She would need to apply for the appropriate type of working visa, and whether or not the visa is granted would basically depend on how convincing her business plan for France is. It could well be an advantage to show that you are already successfully running a similar business in the UK, but that isn't absolutely necessary and it doesn't of itself mean that you'll automatically get the visa because of course there's no guarantee that the existing business model will work equally well in France. She would need to draw up a somewhat different business plan for a French business structure, taking into account the higher cotisations and the potentially different target market and conventions.
For instance, a British copywriter working from France for UK clients and charging exactly the same rates as a copywriter working in the UK, would make significantly less profit because of the higher overheads in France. So you either charge correspondingly higher rates and risk losing clients to competitors, or you take the hit and earn less, or you change your business model and start working for French clients who will pay the going rate in France..
(Ask me how I know this...)


----------



## BackinFrance

Is it a novel that needs to be written in France or that promotes France in some way? That's the important question for a visa.


----------



## dhr108

Based on your suggestion earlier BackinFrance, we had a look at campus france courses and she is now thinking about doing a 1 year french course which would provide the visa. One thing I was wondering about now: It seems there are two student visa, VLS-TS which gives you the right to work and possibly extend the visa, and VLS-T which does not. Obviously her getting VLS-TS would be preferable. I can;t see anywhere on the french-visas website which mentions this distinction or gives the option to apply for one or the other. Does anyone know what is going on here? Is it decided by the French authorities or is there a way to choose which one you apply for?

Thanks


----------



## BackinFrance

I believe it depends on the course you choose. Maybe dig a bit deeper into the Campus France website.


----------



## Bevdeforges

VLS-TS isn't really a "kind" of visa. It's a trait shared by several visa categories - which basically means that you don't have to apply for a "titre de séjour" (i.e. a separate residence permit) your first year in France. The validated visa serves as your residence permit.
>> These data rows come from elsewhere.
(* Let $q$ be a prime power and $L\subset\mathbb{P}^2$ a line defined over $\mathbb{F}_q$. Let $\mathcal{T}_L$ be the set of non-constant homogeneous $f\in\mathbb{F}_q[x,y,z]$ such that the curve $C=\{f=0\}$ is not transverse to $L$. Then $\mu_d(\mathcal{T}_L)=q^{-1}+q^{-2}-q^{-3}$ for all $d\ge 3$. In particular $\mu(\mathcal{T}_L)=q^{-1}+q^{-2}-q^{-3}$.
   Context: Let $R=\mathbb{F}_q[x,y,z]$, $R_d$ the homogeneous polynomials of degree $d$ (including $0$), $\mu_d(\mathcal{A})=\#(\mathcal{A}\cap R_d)/\#R_d$ and $\mu(\mathcal{A})=\lim_{d\to\infty}\mu_d(\mathcal{A})$. For $f\in R_d$, $C=\{f=0\}$ is not transverse to $L$ if the restriction of $f$ to $L$ (a binary form of degree $d$ after choosing coordinates on $L\cong\mathbb{P}^1$) has a repeated root over $\overline{\mathbb{F}}_q$ or is identically zero; equivalently, $L$ does not meet $C$ in $d$ distinct points (it is tangent to $C$, passes through a singular point of $C$, or is contained in $C$). *)

theory Defs
  imports "HOL-Analysis.Analysis" "HOL-Algebra.Algebraic_Closure_Type"
begin

text \<open>Homogeneous polynomials of degree d in F[x,y,z] are represented by their
  coefficient functions on exponent triples (i,j,k), supported on i+j+k = d.\<close>

definition mono3 :: "nat \<Rightarrow> (nat \<times> nat \<times> nat) set" where
  "mono3 d = {(i,j,k). i + j + k = d}"

definition hom_forms :: "nat \<Rightarrow> ((nat \<times> nat \<times> nat) \<Rightarrow> 'a::field) set" where
  "hom_forms d = {f. \<forall>m. m \<notin> mono3 d \<longrightarrow> f m = 0}"

definition eval3 :: "nat \<Rightarrow> ((nat \<times> nat \<times> nat) \<Rightarrow> 'a::field)
    \<Rightarrow> 'a alg_closure \<times> 'a alg_closure \<times> 'a alg_closure \<Rightarrow> 'a alg_closure" where
  "eval3 d f p = (case p of (x,y,z) \<Rightarrow>
     (\<Sum>(i,j,k)\<in>mono3 d. to_ac (f (i,j,k)) * x ^ i * y ^ j * z ^ k))"

text \<open>Normalized representatives of points of the projective plane:
  first nonzero coordinate equal to 1.\<close>
definition proj_norm :: "'b::field \<times> 'b \<times> 'b \<Rightarrow> bool" where
  "proj_norm p = (case p of (x,y,z) \<Rightarrow>
     x = 1 \<or> (x = 0 \<and> y = 1) \<or> (x = 0 \<and> y = 0 \<and> z = 1))"

definition line_curve_pts :: "nat \<Rightarrow> 'a::field \<times> 'a \<times> 'a \<Rightarrow> ((nat \<times> nat \<times> nat) \<Rightarrow> 'a)
    \<Rightarrow> ('a alg_closure \<times> 'a alg_closure \<times> 'a alg_closure) set" where
  "line_curve_pts d l f = (case l of (a,b,c) \<Rightarrow>
     {(x,y,z). proj_norm (x,y,z) \<and> to_ac a * x + to_ac b * y + to_ac c * z = 0
               \<and> eval3 d f (x,y,z) = 0})"

definition transverse :: "nat \<Rightarrow> 'a::field \<times> 'a \<times> 'a \<Rightarrow> ((nat \<times> nat \<times> nat) \<Rightarrow> 'a) \<Rightarrow> bool" where
  "transverse d l f \<longleftrightarrow> finite (line_curve_pts d l f) \<and> card (line_curve_pts d l f) = d"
The VLS-T is a long-stay visa that serves as a "temporary" residence permit. Often these visas are not renewable past their initial 4 to 12 month validity period. (Depends on the course the student is following.)

This page from Campus France explains the difference between the TS and the T designation for student visas. The "student" Temporary Long Term Visa, or VLS-T| Campus France I think the only other type of visa that has this sort of distinction is the "visiteur" visa. Which designation you get depends on what you indicate on your visa form for the purpose and the duration of your stay in France.


----------



## dhr108

Bevdeforges said:


> Which designation you get depends on what you indicate on your visa form for the purpose and the duration of your stay in France.


I'm a bit confused by this, because on the link you sent and this Long Term Visa used as Residence Permit or VLS-TS | Campus France, it says both visas are for 4-12 months? And surely the purpose for both is "student" (going from the france-visa form options)?


----------



## Bevdeforges

Basically, the VLS-T is for those who need a visa to attend a single program to study for a period of 4 to 12 months. The VLS-TS visa is for those admitted to a multi-year program or a higher education program that qualifies the person to go on to another degree (say, a masters program). Being considered a "student" can apply to a one time cooking school program or a language and culture program (think, the Sorbonne language and culture courses). Or, you can come to France to start a university degree program, which will take 2 or 3 years. Renewing the VLS-TS visa/residence permit depends on successfully completing the first year of the program and advancing to the second and subsequent years. Or moving from, say, an initial university program to the masters or doctoral program.


----------